Automated ticket booking lines could be improved to better understand what customers are saying, thanks to research.
Computer scientists have pinpointed the most common speech recognition errors made by automated phone systems, in a bid to improve their accuracy.
The study, led by a scientist at the University, found that computers commonly fail to understand speech when it is peppered with ‘umm’ and ‘err’ sounds.
Also, men tend to be misunderstood more than women when talking to computers, partly because they umm and err more frequently, the research found.
Scientists also found that speech recognition systems commonly fail to identify the first word spoken in a phrase.
Researchers say this may be because the machine cannot put the word in context, or because the speaker inhales just before talking.
Computers also make mistakes with words that sound similar and can occur in similar contexts, such as ‘I saw him’ or ‘I saw them’.
This is exacerbated when the word is not enunciated properly. Variations in pitch, tone and speed can also cause the system to misunderstand voices.

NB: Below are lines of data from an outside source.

lemma pomdp_objective_join_policy:
  "pomdp_objective P r \<gamma> \<beta> \<mu> (join_policy enc dec) = push_objective P r \<gamma> \<beta> \<mu> enc dec"
proof -
  let ?\<pi> = "join_policy enc dec"
  define A where "A t = (\<Sum>s\<in>UNIV. \<mu> s * policy_eval P ?\<pi> (control_reward P r) t [] s)" for t
  define B where "B t = (\<Sum>s\<in>UNIV. \<mu> s * policy_eval P ?\<pi> (transmission_prob P) t [] s)" for t
  define C where "C = (\<Sum>s\<in>UNIV. \<bar>\<mu> s\<bar>) * max reward_bound 1"
  have A_le: "\<bar>A t\<bar> \<le> C" for t
    unfolding A_def C_def using abs_control_reward_le
    by (intro abs_weighted_sum_le abs_policy_eval_le[OF stochastic]) (meson max.cobounded1 order_trans)
  have B_le: "\<bar>B t\<bar> \<le> C" for t
    unfolding B_def C_def using abs_transmission_prob_le
    by (intro abs_weighted_sum_le abs_policy_eval_le[OF stochastic]) (meson max.cobounded2 order_trans)
  have "pomdp_objective P r \<gamma> \<beta> \<mu> ?\<pi> = (\<Sum>t. \<gamma> ^ t * (A t - \<gamma> * \<beta> * B t))"
    unfolding pomdp_objective_def A_def B_def pomdp_val_eq_policy_eval
      rhat_eq_control_reward_minus_cost policy_eval_diff
    by (simp add: right_diff_distrib sum_subtractf sum_distrib_left mult.left_commute)
  also have "\<dots> = (\<Sum>t. \<gamma> ^ t * A t) - \<beta> * (\<gamma> * (\<Sum>t. \<gamma> ^ t * B t))"
    using suminf_discounted_diff[OF discount_nonneg discount_less_one A_le B_le] by simp
  also have "\<dots> = (\<Sum>t. \<gamma> ^ t * A t) - \<beta> * (\<Sum>t. \<gamma> ^ t * (case t of 0 \<Rightarrow> 0 | Suc n \<Rightarrow> B n))"
    using suminf_discounted_delay[OF discount_nonneg discount_less_one B_le] by simp
  also have "\<dots> = (\<Sum>t. \<gamma> ^ t * (A t - \<beta> * (case t of 0 \<Rightarrow> 0 | Suc n \<Rightarrow> B n)))"
  proof -
    have "\<bar>case t of 0 \<Rightarrow> 0 | Suc n \<Rightarrow> B n\<bar> \<le> C" for t
      using B_le[of 0] B_le by (cases t) (auto intro: order_trans[OF abs_ge_zero])
    from suminf_discounted_diff[OF discount_nonneg discount_less_one A_le this] show ?thesis
      by simp
  qed
  also have "\<dots> = push_objective P r \<gamma> \<beta> \<mu> enc dec"
    unfolding push_objective_def push_val_eq A_def B_def
    by (intro arg_cong[where f = suminf] ext) (auto simp: right_diff_distrib sum_subtractf
        sum_distrib_left mult.left_commute split: nat.split)
  finally show ?thesis .
qed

Researchers carried out the study by recording phone discussions between pairs of people and feeding their conversation into a speech recognition system to see how much it could understand.
The study, a collaboration between the University of Edinburgh and Stanford University, was published in the journal Speech Communication.
This work was supported by the Edinburgh-Stanford Link and the US Office of Naval Research.
Voices vary from one person to the next and it is challenging to design a computer system that can understand lots of different voices. We hope that by closely studying how people speak and how machines process this, we can help create better systems that will be simple and efficient for people to use.